I was considering a mechanism like that earlier, but the changes
needed to make it happen would result in worse state for the
alloc/free path.

RSS counters are embedded into mm with only the per-cpu areas being a
pointer. The machinery maintains a global list of all of their
instances, i.e. the pointers to internal to mm_struct. That is to say
even if you deserialized allocation of percpu memory itself, you would
still globally serialize on adding/removing the counters to the global
list.

But suppose this got reworked somehow and this bit ceases to be a problem.

Another spot where mm alloc/free globally serializes (at least on
x86_64) is pgd_alloc/free on the global pgd_lock.

Suppose you managed to decompose the lock into a finer granularity, to
the point where it does not pose a problem from contention standpoint.
Even then that's work which does not have to happen there.

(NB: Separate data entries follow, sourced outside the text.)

lemma singular_system_apply_left_vector:
  assumes S: "singular_system A I \<sigma> u v" and "j \<in> I"
  shows "A (u j) = \<sigma> j *\<^sub>R v j"
proof -
  have "((\<lambda>i. (\<sigma> i * inner (u j) (u i)) *\<^sub>R v i) has_sum A (u j)) I"
    using S unfolding singular_system_def by blast
  moreover have "((\<lambda>i. (\<sigma> i * inner (u j) (u i)) *\<^sub>R v i) has_sum \<sigma> j *\<^sub>R v j) I"
    using singular_system_orthonormal(1)[OF S] \<open>j \<in> I\<close> unfolding orthonormal_on_def
    by (intro has_sum_finite_neutralI[of "{j}"]) auto
  ultimately show ?thesis
    by (rule has_sum_unique)
qed

lemma singular_system_has_sum_inner:
  assumes S: "singular_system A I \<sigma> u v"
  shows "((\<lambda>i. (\<sigma> i)\<^sup>2 * inner x (u i) * inner y (u i)) has_sum inner (A x) (A y)) I"
proof -
  have "((\<lambda>i. (\<sigma> i * inner x (u i)) *\<^sub>R v i) has_sum A x) I"
    using S unfolding singular_system_def by blast
  then have "((\<lambda>i. inner ((\<sigma> i * inner x (u i)) *\<^sub>R v i) (A y)) has_sum inner (A x) (A y)) I"
    by (rule has_sum_bounded_linear[OF bounded_linear_inner_left])
  moreover have "inner ((\<sigma> i * inner x (u i)) *\<^sub>R v i) (A y) = (\<sigma> i)\<^sup>2 * inner x (u i) * inner y (u i)"
    if "i \<in> I" for i
    using singular_system_inner_right_vector[OF S that, of y]
    by (simp add: inner_commute power2_eq_square)
  ultimately show ?thesis
    by (rule has_sum_cong[THEN iffD1, rotated])
qed

lemma singular_system_value_le_onorm:
  assumes S: "singular_system A I \<sigma> u v" and "j \<in> I"
  shows "\<sigma> j \<le> onorm A"
proof -
  have "norm (u j) = 1" "norm (v j) = 1" "\<sigma> j > 0"
    using S \<open>j \<in> I\<close> unfolding singular_system_def by (auto simp: norm_eq_sqrt_inner)
  moreover have "norm (A (u j)) \<le> onorm A * norm (u j)"
    using S unfolding singular_system_def by (blast intro: onorm)
  ultimately show ?thesis
    by (simp add: singular_system_apply_left_vector[OF assms])
qed

text \<open>\<open>sv_power\<close> is an \<open>infsum\<close>, which is \<open>0\<close> for a non-summable series; a nonzero
  value therefore certifies convergence of the defining series.\<close>

lemma has_sum_sv_power:
  assumes "sv_power I \<sigma> u \<mu> \<omega> \<noteq> 0"
  shows "((\<lambda>i. ((\<sigma> i)\<^sup>2 powr \<mu> * inner \<omega> (u i)) *\<^sub>R u i) has_sum sv_power I \<sigma> u \<mu> \<omega>) I"
proof -
  have "(\<lambda>i. ((\<sigma> i)\<^sup>2 powr \<mu> * inner \<omega> (u i)) *\<^sub>R u i) summable_on I"
    using assms infsum_not_exists unfolding sv_power_def by blast
  then show ?thesis
    unfolding sv_power_def by (rule has_sum_infsum)
qed

lemma normal_operator_nonzero:
  assumes "is_adjoint A B" and "\<forall>z. A z = 0 \<longrightarrow> inner x z = 0" and "x \<noteq> 0"
  shows "B (A x) \<noteq> 0"
proof
  assume "B (A x) = 0"
  moreover have "inner (A x) (A x) = inner x (B (A x))"
    using assms(1) unfolding is_adjoint_def by blast
  ultimately have "A x = 0"
    by simp
  then have "inner x x = 0"
    using assms(2) by blast
  then show False
    using assms(3) by simp
qed

lemma adjoint_inner_left:
  assumes "is_adjoint A B"
  shows "inner (B y) x = inner y (A x)"
  using assms unfolding is_adjoint_def by (simp add: inner_commute)

lemma tikhonov_eqI:
  assumes A: "bounded_linear A" and adj: "is_adjoint A B" and "\<alpha> > 0"
    and normal_eq: "B (A x) + \<alpha> *\<^sub>R x = B y"
  shows "tikhonov A B \<alpha> y = x"
  unfolding tikhonov_def
proof (rule the_equality)
  show "B (A x) + \<alpha> *\<^sub>R x = B y"
    by (fact normal_eq)
  fix x'
  assume normal_eq': "B (A x') + \<alpha> *\<^sub>R x' = B y"
  define d where "d = x' - x"
  have "0 = inner (B (A x') + \<alpha> *\<^sub>R x') d - inner (B (A x) + \<alpha> *\<^sub>R x) d"
    by (simp add: normal_eq normal_eq')
  also have "\<dots> = inner (A d) (A d) + \<alpha> * inner d d"
    using adjoint_inner_left[OF adj]
    by (simp add: d_def inner_add_left inner_diff_left inner_diff_right
        linear_diff[OF bounded_linear.linear[OF A]] algebra_simps)
  finally have "\<alpha> * inner d d \<le> 0"
    by (smt (verit) inner_ge_zero)
  then have "inner d d \<le> 0"
    using \<open>\<alpha> > 0\<close> by (simp add: mult_le_0_iff)
  then have "d = 0"
    by (metis inner_eq_zero_iff inner_ge_zero order_antisym)
  then show "x' = x"
    by (simp add: d_def)
qed

lemma singular_system_normal_equation:
  assumes S: "singular_system A I \<sigma> u v" and adj: "is_adjoint A B"
    and xa: "((\<lambda>i. a i *\<^sub>R u i) has_sum xa) I"
    and coeff: "\<And>i. i \<in> I \<Longrightarrow> ((\<sigma> i)\<^sup>2 + \<alpha>) * a i = (\<sigma> i)\<^sup>2 * inner x (u i)"
  shows "B (A xa) + \<alpha> *\<^sub>R xa = B (A x)"
proof -
  note u = singular_system_orthonormal(1)[OF S]
  have "inner (B (A xa) + \<alpha> *\<^sub>R xa) z = inner (B (A x)) z" for z
  proof -
    have "((\<lambda>i. (\<sigma> i)\<^sup>2 * a i * inner z (u i)) has_sum inner (A xa) (A z)) I"
      using singular_system_has_sum_inner[OF S, of xa z] orthonormal_on_coeff[OF u xa]
      by (simp cong: has_sum_cong)
    moreover have "((\<lambda>i. \<alpha> * (a i * inner z (u i))) has_sum \<alpha> * inner xa z) I"
      using has_sum_bounded_linear[OF bounded_linear_inner_left xa, of z]
      by (intro has_sum_cmult_right) (simp add: inner_commute)
    ultimately have "((\<lambda>i. (\<sigma> i)\<^sup>2 * a i * inner z (u i) + \<alpha> * (a i * inner z (u i)))
        has_sum inner (A xa) (A z) + \<alpha> * inner xa z) I"
      by (rule has_sum_add)
    then have "((\<lambda>i. ((\<sigma> i)\<^sup>2 + \<alpha>) * a i * inner z (u i))
        has_sum inner (A xa) (A z) + \<alpha> * inner xa z) I"
      by (simp add: algebra_simps)
    then have "((\<lambda>i. (\<sigma> i)\<^sup>2 * inner x (u i) * inner z (u i))
        has_sum inner (A xa) (A z) + \<alpha> * inner xa z) I"
      by (rule has_sum_cong[THEN iffD1, rotated]) (simp add: coeff)
    with singular_system_has_sum_inner[OF S, of x z]
    have "inner (A xa) (A z) + \<alpha> * inner xa z = inner (A x) (A z)"
      using has_sum_unique by blast
    then show ?thesis
      by (simp add: adjoint_inner_left[OF adj] inner_add_left)
  qed
  then show ?thesis
    using vector_eq_rdot by blast
qed

lemma tikhonov_has_sum:
  assumes S: "singular_system A I \<sigma> u v" and adj: "is_adjoint A B" and "\<alpha> > 0"
  shows "((\<lambda>i. ((\<sigma> i)\<^sup>2 / ((\<sigma> i)\<^sup>2 + \<alpha>) * inner x (u i)) *\<^sub>R u i)
           has_sum tikhonov A B \<alpha> (A x)) I"
proof -
  define a where "a i = (\<sigma> i)\<^sup>2 / ((\<sigma> i)\<^sup>2 + \<alpha>) * inner x (u i)" for i
  note u = singular_system_orthonormal(1)[OF S]
  have pos: "0 < (\<sigma> i)\<^sup>2 + \<alpha>" for i
    using add_nonneg_pos[OF zero_le_power2 \<open>\<alpha> > 0\<close>] .
  have "(\<lambda>i. (a i)\<^sup>2) summable_on I"
  proof (rule summable_on_comparison_test[OF orthonormal_on_bessel(1)[OF u, of x]])
    fix i
    have "0 \<le> (\<sigma> i)\<^sup>2 / ((\<sigma> i)\<^sup>2 + \<alpha>)" "(\<sigma> i)\<^sup>2 / ((\<sigma> i)\<^sup>2 + \<alpha>) \<le> 1"
      using pos[of i] \<open>\<alpha> > 0\<close> by auto
    then show "(a i)\<^sup>2 \<le> (inner x (u i))\<^sup>2"
      unfolding a_def power_mult_distrib by (simp add: mult_left_le_one_le power_le_one)
  qed simp
  then obtain xa where xa: "((\<lambda>i. a i *\<^sub>R u i) has_sum xa) I"
    using orthonormal_on_summable[OF u] unfolding summable_on_def by blast
  have "((\<sigma> i)\<^sup>2 + \<alpha>) * a i = (\<sigma> i)\<^sup>2 * inner x (u i)" for i
    unfolding a_def using pos[of i] by simp
  then have "B (A xa) + \<alpha> *\<^sub>R xa = B (A x)"
    by (intro singular_system_normal_equation[OF S adj xa])
  then have "tikhonov A B \<alpha> (A x) = xa"
    using S adj \<open>\<alpha> > 0\<close> unfolding singular_system_def by (blast intro: tikhonov_eqI)
  with xa show ?thesis
    unfolding a_def by simp
qed
lemma dist_ge_of_unit_speed:
  fixes f :: "real \<Rightarrow> 'a::real_normed_vector"
  assumes der: "\<And>t. t \<in> {a..b} \<Longrightarrow> (f has_vector_derivative f' t) (at t within {a..b})"
    and cont: "continuous_on {a..b} f'"
    and speed: "\<And>t. t \<in> {a..b} \<Longrightarrow> norm (f' t) = 1"
    and "z < 1"
  obtains d where "d > 0" and "\<And>x y. x \<in> {a..b} \<Longrightarrow> y \<in> {a..b} \<Longrightarrow> x \<le> y \<Longrightarrow> y - x < d \<Longrightarrow>
    z * (y - x) \<le> dist (f x) (f y)"
proof -
  have "uniformly_continuous_on {a..b} f'"
    by (rule compact_uniformly_continuous[OF cont]) simp
  then obtain d where "d > 0" and d:
    "\<And>x x'. x \<in> {a..b} \<Longrightarrow> x' \<in> {a..b} \<Longrightarrow> dist x' x < d \<Longrightarrow> dist (f' x') (f' x) < 1 - z"
    unfolding uniformly_continuous_on_def using \<open>z < 1\<close> by (metis diff_gt_0_iff_gt)
  have "z * (y - x) \<le> dist (f x) (f y)"
    if xy: "x \<in> {a..b}" "y \<in> {a..b}" "x \<le> y" "y - x < d" for x y
  proof -
    have "norm (f y - f x - (y - x) *\<^sub>R f' x) \<le> norm (y - x) * (1 - z)"
    proof (rule vector_differentiable_bound_linearization[where S="{x..y}"])
      fix t assume t: "t \<in> {x..y}"
      then have "t \<in> {a..b}" using xy by auto
      show "(f has_vector_derivative f' t) (at t within {x..y})"
        using der[OF \<open>t \<in> {a..b}\<close>] xy by (auto intro: has_vector_derivative_within_subset)
      show "norm (f' t - f' x) \<le> 1 - z"
        using d[OF xy(1) \<open>t \<in> {a..b}\<close>] t xy by (auto simp: dist_norm)
    qed (use xy in \<open>auto simp: closed_segment_eq_real_ivl\<close>)
    moreover have "norm ((y - x) *\<^sub>R f' x) = y - x"
      using speed[OF xy(1)] xy by simp
    ultimately show ?thesis
      using norm_triangle_ineq2[of "(y - x) *\<^sub>R f' x" "f y - f x"] xy
      by (simp add: dist_norm norm_minus_commute algebra_simps)
  qed
  with \<open>d > 0\<close> show ?thesis by (rule that)
qed
lemma S_tendsto_zero:
  assumes "\<tau> > 0" and "(q \<longlongrightarrow> 0) F" and "\<forall>\<^sub>F h in F. r h \<in> {\<tau>/2..2*\<tau>}"
  shows "((\<lambda>h. S (r h) (q h)) \<longlongrightarrow> 0) F"
proof -
  obtain B where B: "\<And>r g. r \<in> {\<tau>/2..2*\<tau>} \<Longrightarrow> norm (S r g) \<le> B * norm g"
    using S_uniformly_bounded[of "\<tau>/2"] \<open>\<tau> > 0\<close> by auto
  show ?thesis
  proof (rule Lim_null_comparison)
    show "\<forall>\<^sub>F h in F. norm (S (r h) (q h)) \<le> B * norm (q h)"
      using assms(3) by eventually_elim (use B in blast)
    show "((\<lambda>h. B * norm (q h)) \<longlongrightarrow> 0) F"
      using tendsto_mult_right_zero[OF tendsto_norm_zero[OF assms(2)]] .
  qed
qed

lemma S_difference_quotient:
  assumes "\<tau> > 0" "r > 0" "r \<noteq> \<tau>"
  shows "(S r x - S \<tau> x) /\<^sub>R (r - \<tau>) = S (min r \<tau>) ((S \<bar>r - \<tau>\<bar> x - x) /\<^sub>R \<bar>r - \<tau>\<bar>)"
proof (cases "r < \<tau>")
  case True
  have "S r x - S \<tau> x = S r (x - S (\<tau> - r) x)"
    using S_add[of r "\<tau> - r" x] S_diff[of r] True assms by simp
  also have "\<dots> = (r - \<tau>) *\<^sub>R S r ((S (\<tau> - r) x - x) /\<^sub>R (\<tau> - r))"
  proof -
    have "(r - \<tau>) * inverse (\<tau> - r) = - 1" using True by (simp add: field_simps)
    then show ?thesis using assms by (simp add: S_scaleR[symmetric])
  qed
  finally show ?thesis using True by simp
next
  case False
  have "S r x - S \<tau> x = S \<tau> (S (r - \<tau>) x - x)"
    using S_add[of \<tau> "r - \<tau>" x] S_diff[of \<tau>] False assms by simp
  also have "\<dots> = (r - \<tau>) *\<^sub>R S \<tau> ((S (r - \<tau>) x - x) /\<^sub>R (r - \<tau>))"
    using False assms by (simp add: S_scaleR[symmetric])
  finally show ?thesis using False assms by simp
qed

General theme is there is a lot of expensive work happening when
dealing with mm lifecycle (*both* from single- and multi-threaded
standpoint) and preferably it would only be dealt with once per
object's existence.
-- 
Mateusz Guzik <mjguzik gmail.com>

next prev parent reply	other threads:[~2025-04-24 16:03 UTC|newest]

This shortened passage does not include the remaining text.